• _What you need to do_: Print the data that follows exactly, leaving nothing out.

=== Begin Enclosure ===

(* In the setting described in the context, there is a constant $M_2>0$, independent of $\epsilon\in(0,1)$, such that for all $x\in\mathbb{R}$ and all $t\geq0$, $$|v^\epsilon(x,t)|\leq \frac{M_2}{\epsilon^\alpha},\qquad \Big|\frac{\partial}{\partial x}v^\epsilon(x,t)\Big|\leq \frac{M_2}{\epsilon^{2\alpha}}.$$
   Context: Let $\mathcal{C}_b(\mathbb{R})$ denote the Banach space of bounded continuous real functions on $\mathbb{R}$ with the sup norm. For a real function $u$ set $u^+=\max(0,u)$, $u^-=\max(0,-u)$. For $0<\epsilon<1$ let $u^\epsilon:\mathbb{R}\times[0,\infty)\to\mathbb{R}$ be $2\pi$-periodic in $x$, with $t\mapsto u^\epsilon(\cdot,t)$ continuous from $[0,\infty)$ into $\mathcal{C}_b(\mathbb{R})$, and assume there is $M_1>0$ with $|u^\epsilon(x,t)|\leq M_1$ for all $\epsilon,x,t\ge0$. Let $v_0^\epsilon\in\mathcal{C}_b(\mathbb{R})$ be $2\pi$-periodic with $\sup_{\epsilon}\int_{-\pi}^{\pi}|v_0^\epsilon|dx<\infty$. Let $X^\epsilon$ be the unique global $\mathcal{C}^1$ solution $[0,\infty)\to\mathcal{C}_b(\mathbb{R})$ of $$\frac{d}{dt}X^\epsilon(x,t)=\frac{1}{\epsilon}\big[X^\epsilon(x-\epsilon,t)u^{\epsilon+}(x-\epsilon,t)-X^\epsilon(x,t)|u^{\epsilon}(x,t)|+X^\epsilon(x+\epsilon,t)u^{\epsilon-}(x+\epsilon,t)\big],\quad X^\epsilon(x,0)=v_0^\epsilon(x).$$ Let $\phi\in\mathcal{C}^\infty(\mathbb{R})$ have compact support with $\int\phi=1$, let $\alpha\in]0,1]$, $\phi_{\epsilon^\alpha}(x)=\epsilon^{-\alpha}\phi(x/\epsilon^\alpha)$, and define $v^\epsilon(x,t)=(X^\epsilon(\cdot,t)*\phi_{\epsilon^\alpha})(x)$. *)

theory Defs
  imports "HOL-Analysis.Analysis"
begin

definition smooth_real :: "(real \<Rightarrow> real) \<Rightarrow> bool" where
  "smooth_real f \<longleftrightarrow> (\<forall>k::nat. \<forall>x. ((deriv ^^ k) f) differentiable (at x))"

definition has_compact_support :: "(real \<Rightarrow> real) \<Rightarrow> bool" where
  "has_compact_support f \<longleftrightarrow> compact (closure {x. f x \<noteq> 0})"

definition mollifier :: "(real \<Rightarrow> real) \<Rightarrow> real \<Rightarrow> real \<Rightarrow> real" where
  "mollifier \<phi> \<delta> x = \<phi> (x / \<delta>) / \<delta>"

definition conv :: "(real \<Rightarrow> real) \<Rightarrow> (real \<Rightarrow> real) \<Rightarrow> real \<Rightarrow> real" where
  "conv f g x = integral UNIV (\<lambda>y. f y * g (x - y))"

definition upwind_rhs :: "real \<Rightarrow> (real \<Rightarrow> real) \<Rightarrow> (real \<Rightarrow> real) \<Rightarrow> real \<Rightarrow> real" where
  "upwind_rhs \<epsilon> X u x =
     (1 / \<epsilon>) * (X (x - \<epsilon>) * max 0 (u (x - \<epsilon>)) - X x * \<bar>u x\<bar>
                 + X (x + \<epsilon>) * max 0 (- u (x + \<epsilon>)))"

end

theory Submission
  imports Defs
begin

text \<open>Under the CFL condition \<open>h M1 \<le> \<epsilon>\<close> an explicit Euler step of the upwind scheme is a
  positive combination of neighbouring values written in conservation form, so it does not increase
  the \<open>L\<^sup>1\<close> norm over a period. A right Dini-derivative argument transfers this to the exact
  trajectory; that \<open>X\<^sup>\<epsilon>(t)\<close> stays \<open>2\<pi>\<close>-periodic is a Gronwall estimate for
  \<open>X\<^sup>\<epsilon>(t, x + 2\<pi>) - X\<^sup>\<epsilon>(t, x)\<close>, which solves the same scheme. Hence the \<open>L\<^sup>1\<close> norm of
  \<open>X\<^sup>\<epsilon>(t)\<close> over a period is bounded uniformly in \<open>\<epsilon>\<close> and \<open>t\<close>. The mollifier \<open>\<phi>\<^sub>\<delta>\<close> and
  its derivative are bounded by \<open>B/\<delta>\<close> and \<open>B/\<delta>\<^sup>2\<close> and, for \<open>\<delta> \<le> 1\<close>, supported in an
  interval covering a fixed number of periods, which gives both estimates with \<open>\<delta> = \<epsilon>\<^sup>\<alpha>\<close>.\<close>

section \<open>Integrals of periodic functions\<close>

lemma periodic_add_int_multiple:
  assumes per: "\<And>x. F (x + 2*pi) = F x"
  shows "F (x + 2*pi*real_of_int k) = F x"
proof -
  have nat: "F (y + 2*pi*real n) = F y" for y n
    by (induction n) (auto simp: algebra_simps per[of "y + 2*pi*real _", simplified algebra_simps])
  show ?thesis
  proof (cases "k \<ge> 0")
    case True
    then show ?thesis using nat[of x "nat k"] by simp
  next
    case False
    then have "F (x + 2*pi*real_of_int k + 2*pi*real (nat (-k))) = F (x + 2*pi*real_of_int k)"
      using nat by blast
    then show ?thesis using False by simp
  qed
qed

lemma integral_periodic_window:
  fixes F :: "real \<Rightarrow> real"
  assumes per: "\<And>x. F (x + 2*pi) = F x" and cont: "continuous_on UNIV F"
  shows "integral {a..a+2*pi} F = integral {-pi..pi} F"
proof -
  define k where "k = floor ((a+pi)/(2*pi))"
  define r where "r = a + pi - 2*pi*k"
  have "real_of_int k \<le> (a+pi)/(2*pi)" "(a+pi)/(2*pi) < real_of_int k + 1"
    unfolding k_def by linarith+
  then have r: "0 \<le> r" "r < 2*pi"
    unfolding r_def by (auto simp: field_simps)
  have int: "F integrable_on {c..d}" for c d
    by (rule integrable_continuous_interval) (rule continuous_on_subset[OF cont], simp)
  have shift_k: "(\<lambda>x. F (x + (-2*pi*k))) = F"
    using periodic_add_int_multiple[of F, OF per, of _ "-k"] by simp
  have "integral {a..a+2*pi} F = integral {-pi+r..pi+r} F"
    using integral_shift_real_ivl[of "-pi+r" "-2*pi*k" "pi+r" F]
    unfolding shift_k r_def by (simp add: algebra_simps)
  also have "\<dots> = integral {-pi+r..pi} F + integral {pi..pi+r} F"
    using r by (intro Henstock_Kurzweil_Integration.integral_combine[symmetric] int) auto
  also have "integral {pi..pi+r} F = integral {-pi..-pi+r} F"
    using integral_shift_real_ivl[of pi "2*pi" "pi+r" F] per by simp
  also have "integral {-pi+r..pi} F + integral {-pi..-pi+r} F = integral {-pi..pi} F"
    using r Henstock_Kurzweil_Integration.integral_combine[of "-pi" "-pi+r" pi F] int by auto
  finally show ?thesis .
qed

=== End Enclosure ===

• _Solution to this task_:
(* In the setting described in the context, there is a constant $M_2>0$, independent of $\epsilon\in(0,1)$, such that for all $x\in\mathbb{R}$ and all $t\geq0$, $$|v^\epsilon(x,t)|\leq \frac{M_2}{\epsilon^\alpha},\qquad \Big|\frac{\partial}{\partial x}v^\epsilon(x,t)\Big|\leq \frac{M_2}{\epsilon^{2\alpha}}.$$
   Context: Let $\mathcal{C}_b(\mathbb{R})$ denote the Banach space of bounded continuous real functions on $\mathbb{R}$ with the sup norm. For a real function $u$ set $u^+=\max(0,u)$, $u^-=\max(0,-u)$. For $0<\epsilon<1$ let $u^\epsilon:\mathbb{R}\times[0,\infty)\to\mathbb{R}$ be $2\pi$-periodic in $x$, with $t\mapsto u^\epsilon(\cdot,t)$ continuous from $[0,\infty)$ into $\mathcal{C}_b(\mathbb{R})$, and assume there is $M_1>0$ with $|u^\epsilon(x,t)|\leq M_1$ for all $\epsilon,x,t\ge0$. Let $v_0^\epsilon\in\mathcal{C}_b(\mathbb{R})$ be $2\pi$-periodic with $\sup_{\epsilon}\int_{-\pi}^{\pi}|v_0^\epsilon|dx<\infty$. Let $X^\epsilon$ be the unique global $\mathcal{C}^1$ solution $[0,\infty)\to\mathcal{C}_b(\mathbb{R})$ of $$\frac{d}{dt}X^\epsilon(x,t)=\frac{1}{\epsilon}\big[X^\epsilon(x-\epsilon,t)u^{\epsilon+}(x-\epsilon,t)-X^\epsilon(x,t)|u^{\epsilon}(x,t)|+X^\epsilon(x+\epsilon,t)u^{\epsilon-}(x+\epsilon,t)\big],\quad X^\epsilon(x,0)=v_0^\epsilon(x).$$ Let $\phi\in\mathcal{C}^\infty(\mathbb{R})$ have compact support with $\int\phi=1$, let $\alpha\in]0,1]$, $\phi_{\epsilon^\alpha}(x)=\epsilon^{-\alpha}\phi(x/\epsilon^\alpha)$, and define $v^\epsilon(x,t)=(X^\epsilon(\cdot,t)*\phi_{\epsilon^\alpha})(x)$. *)

theory Defs
  imports "HOL-Analysis.Analysis"
begin

definition smooth_real :: "(real \<Rightarrow> real) \<Rightarrow> bool" where
  "smooth_real f \<longleftrightarrow> (\<forall>k::nat. \<forall>x. ((deriv ^^ k) f) differentiable (at x))"

definition has_compact_support :: "(real \<Rightarrow> real) \<Rightarrow> bool" where
  "has_compact_support f \<longleftrightarrow> compact (closure {x. f x \<noteq> 0})"

definition mollifier :: "(real \<Rightarrow> real) \<Rightarrow> real \<Rightarrow> real \<Rightarrow> real" where
  "mollifier \<phi> \<delta> x = \<phi> (x / \<delta>) / \<delta>"

definition conv :: "(real \<Rightarrow> real) \<Rightarrow> (real \<Rightarrow> real) \<Rightarrow> real \<Rightarrow> real" where
  "conv f g x = integral UNIV (\<lambda>y. f y * g (x - y))"

definition upwind_rhs :: "real \<Rightarrow> (real \<Rightarrow> real) \<Rightarrow> (real \<Rightarrow> real) \<Rightarrow> real \<Rightarrow> real" where
  "upwind_rhs \<epsilon> X u x =
     (1 / \<epsilon>) * (X (x - \<epsilon>) * max 0 (u (x - \<epsilon>)) - X x * \<bar>u x\<bar>
                 + X (x + \<epsilon>) * max 0 (- u (x + \<epsilon>)))"

end

theory Submission
  imports Defs
begin

text \<open>Under the CFL condition \<open>h M1 \<le> \<epsilon>\<close> an explicit Euler step of the upwind scheme is a
  positive combination of neighbouring values written in conservation form, so it does not increase
  the \<open>L\<^sup>1\<close> norm over a period. A right Dini-derivative argument transfers this to the exact
  trajectory; that \<open>X\<^sup>\<epsilon>(t)\<close> stays \<open>2\<pi>\<close>-periodic is a Gronwall estimate for
  \<open>X\<^sup>\<epsilon>(t, x + 2\<pi>) - X\<^sup>\<epsilon>(t, x)\<close>, which solves the same scheme. Hence the \<open>L\<^sup>1\<close> norm of
  \<open>X\<^sup>\<epsilon>(t)\<close> over a period is bounded uniformly in \<open>\<epsilon>\<close> and \<open>t\<close>. The mollifier \<open>\<phi>\<^sub>\<delta>\<close> and
  its derivative are bounded by \<open>B/\<delta>\<close> and \<open>B/\<delta>\<^sup>2\<close> and, for \<open>\<delta> \<le> 1\<close>, supported in an
  interval covering a fixed number of periods, which gives both estimates with \<open>\<delta> = \<epsilon>\<^sup>\<alpha>\<close>.\<close>

section \<open>Integrals of periodic functions\<close>

lemma periodic_add_int_multiple:
  assumes per: "\<And>x. F (x + 2*pi) = F x"
  shows "F (x + 2*pi*real_of_int k) = F x"
proof -
  have nat: "F (y + 2*pi*real n) = F y" for y n
    by (induction n) (auto simp: algebra_simps per[of "y + 2*pi*real _", simplified algebra_simps])
  show ?thesis
  proof (cases "k \<ge> 0")
    case True
    then show ?thesis using nat[of x "nat k"] by simp
  next
    case False
    then have "F (x + 2*pi*real_of_int k + 2*pi*real (nat (-k))) = F (x + 2*pi*real_of_int k)"
      using nat by blast
    then show ?thesis using False by simp
  qed
qed

lemma integral_periodic_window:
  fixes F :: "real \<Rightarrow> real"
  assumes per: "\<And>x. F (x + 2*pi) = F x" and cont: "continuous_on UNIV F"
  shows "integral {a..a+2*pi} F = integral {-pi..pi} F"
proof -
  define k where "k = floor ((a+pi)/(2*pi))"
  define r where "r = a + pi - 2*pi*k"
  have "real_of_int k \<le> (a+pi)/(2*pi)" "(a+pi)/(2*pi) < real_of_int k + 1"
    unfolding k_def by linarith+
  then have r: "0 \<le> r" "r < 2*pi"
    unfolding r_def by (auto simp: field_simps)
  have int: "F integrable_on {c..d}" for c d
    by (rule integrable_continuous_interval) (rule continuous_on_subset[OF cont], simp)
  have shift_k: "(\<lambda>x. F (x + (-2*pi*k))) = F"
    using periodic_add_int_multiple[of F, OF per, of _ "-k"] by simp
  have "integral {a..a+2*pi} F = integral {-pi+r..pi+r} F"
    using integral_shift_real_ivl[of "-pi+r" "-2*pi*k" "pi+r" F]
    unfolding shift_k r_def by (simp add: algebra_simps)
  also have "\<dots> = integral {-pi+r..pi} F + integral {pi..pi+r} F"
    using r by (intro Henstock_Kurzweil_Integration.integral_combine[symmetric] int) auto
  also have "integral {pi..pi+r} F = integral {-pi..-pi+r} F"
    using integral_shift_real_ivl[of pi "2*pi" "pi+r" F] per by simp
  also have "integral {-pi+r..pi} F + integral {-pi..-pi+r} F = integral {-pi..pi} F"
    using r Henstock_Kurzweil_Integration.integral_combine[of "-pi" "-pi+r" pi F] int by auto
  finally show ?thesis .
qed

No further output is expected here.